L’homme politique suit le courant de l’opinion et des media autant qu’un certain
fatalisme économique, comme si les hommes ne faisaient pas l’économie mais la
subissait ; il ne crée pas de valeurs, il en est le reflet. C’est pourquoi il me semble
nécessaire de recréer un intérêt à tous les niveaux pour ce domaine pour qu’un jour
le pouvoir politique, « l’ordre » de la société en général, se fonde sur quelque chose,
comme un réseau de valeurs cohérentes (le récif corallien) qui soit acceptable, qui lui
interdirait tout laxisme sous peine d’être condamné par l’opinion publique, un réseau
de valeurs dont l’homme soit le centre bien sûr.
La régression des religions, la régression des solidarités effectives (je pense au
traitement divers des catastrophes dans le monde dont certaines sont à peine
évoquées), la désintégration familiale (je pense au problème d’abandon des anciens
dans des mouroirs), une paradoxale montée de l’individualisme alors que tout est
traité globalement, un chômage décuplé par le mondialisme à tout crin, et le
développement technologique et un pouvoir gestionnaire sans limites ( je veux parler
des OPA), un désintérêt pour la chose publique qui dépasse la dimension de
l’individu ce qui entraîne une « anomie », un manque d’adhésion. Tout cela traduit
entre autre ce que j’ai appelé une crise d’identité de notre société globale. Ce n’est
pas tant qu’il n ’y ait aucune valeur, mais c’est plutôt que ces valeurs sont
dispersées, peu cohérentes, comme un filet de tennis distendu ou troué tant certains
de ses maillons sont vides de sens, de répercussion sur le quotidien parce qu’il y a
des choses à traiter dans l’urgence, sans penser à demain et qu’il faut bien « vivre
avec ce que l‘on a ». Et comment faire autrement puisque nulle part l’individu n’est
invité à penser et à agir différemment ? Ce n’est pas qu’il n’y ait personne pour
réagir, auteurs reconnus ou associations diverses, (la maçonnerie en est une), mais
là il s’agit d’une mode, vite désamorcée, là c’est la volonté de ne s’intéresser aux
effets plus qu’aux causes sans compter les récupérations de tout ce qui naît de non
politiquement correct ou de médiatiquement correct.
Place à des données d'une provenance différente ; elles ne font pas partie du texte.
lemma exists_null_orth_iff_residual_nonneg:
  fixes E :: "'n::finite lievec set"
  assumes "lie_orthogonal_frame E" and "e \<in> E" and "lie e e < 0"
    and "\<forall>b\<in>E - {e}. lie b b > 0" and "card E \<le> CARD('n)"
    and "\<forall>b\<in>E. lie b P = 0" and "Y - P \<in> span E" and "Y \<notin> span E"
  shows "(\<exists>Z. proper Z \<and> (\<forall>b\<in>E. lie b Z = 0) \<and> lie Z Y = 0) \<longleftrightarrow> 0 \<le> lie P P"
proof
  assume "\<exists>Z. proper Z \<and> (\<forall>b\<in>E. lie b Z = 0) \<and> lie Z Y = 0"
  then obtain Z where Z: "proper Z" "\<forall>b\<in>E. lie b Z = 0" "lie Z Y = 0"
    by blast
  have "lie (Y - P) Z = 0"
    using lie_orth_span Z(2) assms(7) by blast
  then have "lie P Z = 0"
    using Z(3) lie_commute[of Y Z] by (simp add: lie_diff_left)
  moreover have "lie Z Z = 0" "Z \<noteq> 0"
    using Z(1) unfolding proper_def by auto
  ultimately show "0 \<le> lie P P"
    using lie_no_negative_orthogonal_triple[of e P Z] assms(2,3,6) Z(2) by fastforce
next
  assume "0 \<le> lie P P"
  moreover have "P \<noteq> 0"
    using assms(7,8) by auto
  ultimately obtain Z where Z: "proper Z" "\<forall>b\<in>E. lie b Z = 0" "lie P Z = 0"
    using exists_null_orth_frame_vector[OF assms(1-6)] by blast
  moreover have "lie (Y - P) Z = 0"
    using lie_orth_span Z(2) assms(7) by blast
  then have "lie Z Y = 0"
    using Z(3) by (simp add: lie_diff_left lie_commute[of Z Y])
  ultimately show "\<exists>Z. proper Z \<and> (\<forall>b\<in>E. lie b Z = 0) \<and> lie Z Y = 0"
    by blast
qed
Il me semble qu’inciter à « réfléchir sur les valeurs » ne revient pas à faire la morale
aux autres, ni prôner une valeur plutôt qu’une autre. Or ceci est bien difficile, car on
ne peut s’empêcher de croire que ce à quoi on croit est vrai donc l’imposer aux
autres : depuis la nuit des temps les hommes se sont intéressés à la notion du « bien
» et « du mal » car en fin de compte tout revient à cela, qu’ils se soient inspirés du
code Hammourabi ou du Décalogue, ou qu ‘ils s’appuient sur d’autres cultures, les
hommes, on le sait, se sont souvent entretués au nom de valeurs dont ils croyaient
détenir la vérité. L’actualité nous montre bien que pour certains « la liberté de la
presse » convient et pour d’autres cette « liberté ne peut qu’être restreinte ». La
liberté de la presse n’est donc pas une valeur universelle.
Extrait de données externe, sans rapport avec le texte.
lemma l2_expansion:
  assumes h_nonneg: "\<forall>w\<in>V. 0 \<le> h w" and small: "real (card {w\<in>V. 0 < h w}) \<le> real (card V) / 2"
  shows "\<kappa>\<^sup>2 * (\<Sum>w\<in>V. (h w)\<^sup>2) \<le> 4 * d * dirichlet_form V E h"
proof -
  define X where "X = (\<Sum>w\<in>V. (h w)\<^sup>2)"
  have "0 \<le> X" unfolding X_def by (simp add: sum_nonneg)
  have "{w\<in>V. 0 < (h w)\<^sup>2} = {w\<in>V. 0 < h w}" using h_nonneg by force
  then have "\<kappa> * X \<le> (\<Sum>w\<in>V. \<Sum>z\<in>V. adj E w z * \<bar>(h w)\<^sup>2 - (h z)\<^sup>2\<bar>)"
    unfolding X_def using coarea_inequality[of "\<lambda>w. (h w)\<^sup>2"] small by simp
  also have "\<dots> = (\<Sum>w\<in>V. \<Sum>z\<in>V. (adj E w z * \<bar>h w - h z\<bar>) * (adj E w z * (h w + h z)))"
  proof (intro sum.cong refl)
    fix w z assume "w \<in> V" "z \<in> V"
    moreover have "(h w)\<^sup>2 - (h z)\<^sup>2 = (h w - h z) * (h w + h z)"
      by (simp add: power2_eq_square algebra_simps)
    ultimately have "\<bar>(h w)\<^sup>2 - (h z)\<^sup>2\<bar> = \<bar>h w - h z\<bar> * (h w + h z)"
      using h_nonneg by (simp add: abs_mult)
    then show "adj E w z * \<bar>(h w)\<^sup>2 - (h z)\<^sup>2\<bar> = (adj E w z * \<bar>h w - h z\<bar>) * (adj E w z * (h w + h z))"
      by (simp add: adj_def)
  qed
  finally have "(\<kappa> * X)\<^sup>2 \<le> (\<Sum>w\<in>V. \<Sum>z\<in>V. (adj E w z * \<bar>h w - h z\<bar>) * (adj E w z * (h w + h z)))\<^sup>2"
    using \<kappa>_pos \<open>0 \<le> X\<close> by (intro power_mono) auto
  also have "\<dots> \<le> (\<Sum>w\<in>V. \<Sum>z\<in>V. (adj E w z * \<bar>h w - h z\<bar>)\<^sup>2) * (\<Sum>w\<in>V. \<Sum>z\<in>V. (adj E w z * (h w + h z))\<^sup>2)"
    by (rule Cauchy_Schwarz_double_sum)
  also have "\<dots> = dirichlet_form V E h * (\<Sum>w\<in>V. \<Sum>z\<in>V. adj E w z * (h w + h z)\<^sup>2)"
    unfolding dirichlet_form_def by (simp add: adj_mult_power2)
  also have "\<dots> \<le> dirichlet_form V E h * (4 * d * X)"
    unfolding X_def by (intro mult_left_mono sum_adj_sum_sq_le dirichlet_form_nonneg)
  finally have "(\<kappa>\<^sup>2 * X) * X \<le> (4 * d * dirichlet_form V E h) * X"
    by (simp add: power2_eq_square algebra_simps)
  then show ?thesis
    using \<open>0 \<le> X\<close> d_pos dirichlet_form_nonneg[of V E h] unfolding X_def[symmetric]
    by (cases "X = 0") (auto dest: mult_right_le_imp_le)
qed

text \<open>Split f at a median m into the parts above and below m; each has support of at most half
  the vertices, so the expansion bound applies to both.\<close>
lemma poincare_inequality:
  assumes mean_zero: "(\<Sum>w\<in>V. f w) = 0"
  shows "\<kappa>\<^sup>2 * (\<Sum>w\<in>V. (f w)\<^sup>2) \<le> 4 * d * dirichlet_form V E f"
proof -
  obtain m where above: "real (card {w\<in>V. m < f w}) \<le> real (card V) / 2"
    and below: "real (card {w\<in>V. f w < m}) \<le> real (card V) / 2"
    using exists_median[OF finite_V V_nonempty] by blast
  define fp where "fp w = max (f w - m) 0" for w
  define fm where "fm w = max (m - f w) 0" for w
  have "{w\<in>V. 0 < fp w} = {w\<in>V. m < f w}" "{w\<in>V. 0 < fm w} = {w\<in>V. f w < m}"
    unfolding fp_def fm_def by auto
  then have l2: "\<kappa>\<^sup>2 * (\<Sum>w\<in>V. (fp w)\<^sup>2) \<le> 4 * d * dirichlet_form V E fp"
      "\<kappa>\<^sup>2 * (\<Sum>w\<in>V. (fm w)\<^sup>2) \<le> 4 * d * dirichlet_form V E fm"
    using l2_expansion[of fp] l2_expansion[of fm] above below by (auto simp: fp_def fm_def)
  have energy_split: "dirichlet_form V E fp + dirichlet_form V E fm \<le> dirichlet_form V E f"
    unfolding dirichlet_form_def sum.distrib[symmetric] distrib_left[symmetric]
    using power2_diff_ge_pos_neg_parts[of "f _ - m" "f _ - m"]
    by (intro sum_mono mult_left_mono adj_nonneg) (simp add: fp_def fm_def)
  have mass_split: "(\<Sum>w\<in>V. (f w)\<^sup>2) \<le> (\<Sum>w\<in>V. (fp w)\<^sup>2) + (\<Sum>w\<in>V. (fm w)\<^sup>2)"
  proof -
    have "(\<Sum>w\<in>V. (fp w)\<^sup>2) + (\<Sum>w\<in>V. (fm w)\<^sup>2) = (\<Sum>w\<in>V. (f w)\<^sup>2 - 2 * m * f w + m\<^sup>2)"
      unfolding sum.distrib[symmetric]
      by (intro sum.cong refl) (auto simp: fp_def fm_def max_def power2_eq_square algebra_simps)
    also have "\<dots> = (\<Sum>w\<in>V. (f w)\<^sup>2) + real (card V) * m\<^sup>2"
      using mean_zero by (simp add: sum.distrib sum_subtractf flip: sum_distrib_left)
    finally show ?thesis by simp
  qed
  have "\<kappa>\<^sup>2 * (\<Sum>w\<in>V. (f w)\<^sup>2) \<le> \<kappa>\<^sup>2 * ((\<Sum>w\<in>V. (fp w)\<^sup>2) + (\<Sum>w\<in>V. (fm w)\<^sup>2))"
    using mass_split by (intro mult_left_mono) auto
  also have "\<dots> \<le> 4 * d * dirichlet_form V E fp + 4 * d * dirichlet_form V E fm"
    using l2 by (simp add: distrib_left)
  also have "\<dots> \<le> 4 * d * dirichlet_form V E f"
    using energy_split d_pos by (simp flip: distrib_left)
  finally show ?thesis .
qed

lemma lazy_walk_contraction:
  assumes "(\<Sum>w\<in>V. f w) = 0"
  shows "(\<Sum>w\<in>V. (\<Sum>z\<in>V. lazy_walk V E d w z * f z)\<^sup>2) \<le> contraction_factor \<kappa> d * (\<Sum>w\<in>V. (f w)\<^sup>2)"
proof -
  define X where "X = (\<Sum>w\<in>V. (f w)\<^sup>2)"
  have "0 \<le> X" unfolding X_def by (simp add: sum_nonneg)
  have "\<kappa>\<^sup>2 * X / (16 * d\<^sup>2) = (\<kappa>\<^sup>2 * X / (4 * d)) / (4 * d)"
    using d_pos by (simp add: power2_eq_square field_simps)
  also have "\<dots> \<le> dirichlet_form V E f / (4 * d)"
    using poincare_inequality[OF assms] d_pos unfolding X_def
    by (intro divide_right_mono) (auto simp: field_simps)
  finally have "X - dirichlet_form V E f / (4 * d) \<le> (1 - \<kappa>\<^sup>2 / (16 * d\<^sup>2)) * X"
    by (simp add: algebra_simps)
  also have "\<dots> \<le> contraction_factor \<kappa> d * X"
    unfolding contraction_factor_def using \<open>0 \<le> X\<close> by (intro mult_right_mono) auto
  finally show ?thesis
    using lazy_walk_energy[of f] unfolding X_def by linarith
qed

lemma return_probability_le:
  "x \<in> V \<Longrightarrow> kernel_pow V (lazy_walk V E d) n x x \<le> 1 / card V + sqrt (contraction_factor \<kappa> d) ^ n"
  by (intro lazy.pow_diag_le_uniform_plus_gap lazy_walk_contraction) (auto simp: contraction_factor_def)

end

section \<open>Bounds on the diagonal heat kernel\<close>

lemma Max_div_Min_le:
  fixes g :: "'a \<Rightarrow> real"
  assumes "finite A" and "A \<noteq> {}" and "0 < lo" and bounds: "\<And>x. x \<in> A \<Longrightarrow> lo \<le> g x \<and> g x \<le> hi"
  shows "Max (g ` A) / Min (g ` A) \<le> hi / lo" and "Max (g ` A) \<le> hi"
proof -
  have Max: "Max (g ` A) \<le> hi" and Min: "lo \<le> Min (g ` A)"
    using assms by auto
  then show "Max (g ` A) \<le> hi" by blast
  obtain x where "x \<in> A" using assms(2) by blast
  then have "g x \<le> Max (g ` A)" using assms(1) by simp
  then have "0 \<le> Max (g ` A)" using bounds[OF \<open>x \<in> A\<close>] \<open>0 < lo\<close> by linarith
  then have "Max (g ` A) / Min (g ` A) \<le> Max (g ` A) / lo"
    using Min \<open>0 < lo\<close> by (intro divide_left_mono) auto
  also have "\<dots> \<le> hi / lo"
    using Max \<open>0 < lo\<close> by (intro divide_right_mono) auto
  finally show "Max (g ` A) / Min (g ` A) \<le> hi / lo" .
qed

lemma min_ratio_le:
  fixes t b a :: real
  assumes "0 < t" and "0 < b"
  shows "min (2 * t) (1 + 1 / b) / (min t 1 * exp (- a)) \<le> (2 + 1 / b) * exp a"
proof (cases "t \<le> 1")
  case True
  then have "min t 1 = t" by simp
  have "min (2 * t) (1 + 1 / b) / (t * exp (- a)) \<le> 2 * t / (t * exp (- a))"
    using assms by (intro divide_right_mono) auto
  then have "min (2 * t) (1 + 1 / b) / (min t 1 * exp (- a)) \<le> 2 * t / (t * exp (- a))"
    unfolding \<open>min t 1 = t\<close> .
  also have "\<dots> = 2 * exp a" using assms by (simp add: exp_minus field_simps)
  also have "\<dots> \<le> (2 + 1 / b) * exp a" using assms by (intro mult_right_mono) auto
  finally show ?thesis .
next
  case False
  then have "min t 1 = 1" by simp
  have "min (2 * t) (1 + 1 / b) / exp (- a) \<le> (1 + 1 / b) / exp (- a)"
    by (intro divide_right_mono) auto
  then have "min (2 * t) (1 + 1 / b) / (min t 1 * exp (- a)) \<le> (1 + 1 / b) / exp (- a)"
    unfolding \<open>min t 1 = 1\<close> by simp
  also have "\<dots> = (1 + 1 / b) * exp a" by (simp add: exp_minus field_simps)
  also have "\<dots> \<le> (2 + 1 / b) * exp a" by (intro mult_right_mono) auto
  finally show ?thesis .
qed

context vertex_expander
begin

lemma heat_kernel_diag_ge:
  assumes "x \<in> V" and "0 \<le> s"
  shows "exp (- (2 * d) * s) \<le> heat_kernel V E s x x"
proof -
  have "(\<Sum>i\<in>{0}. (2 * d * s) ^ i / fact i * kernel_pow V (lazy_walk V E d) i x x)
      \<le> (\<Sum>i. (2 * d * s) ^ i / fact i * kernel_pow V (lazy_walk V E d) i x x)"
    using assms d_pos
    by (intro sum_le_suminf lazy.summable_pow_exp_series)
      (auto intro!: divide_nonneg_nonneg mult_nonneg_nonneg lazy.pow_nonneg)
  then show ?thesis
    by (simp add: heat_kernel_uniformized[OF assms(1)] mult_le_cancel_left1)
qed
Tout ceci pour expliquer pourquoi j’ai écrit, conformément à ma promesse, un
modeste essai en 7 chapitres non pas sur les valeurs elles-mêmes mais sur la façon
nous nous forgeons des opinions, des valeurs, en fonction de nos formations ou
aptitudes innées. J’ai essayé de mettre en relief que tout ce qui concerne ce en quoi
nous semblons croire le plus n’était que contingent dans le temps et dans l’espace ;
à tout moment on peut s’enfermer dans les dogmes et faire de nos valeurs un
prétexte à renier l’autre, à prendre le pouvoir et faire la guerre à l’autre.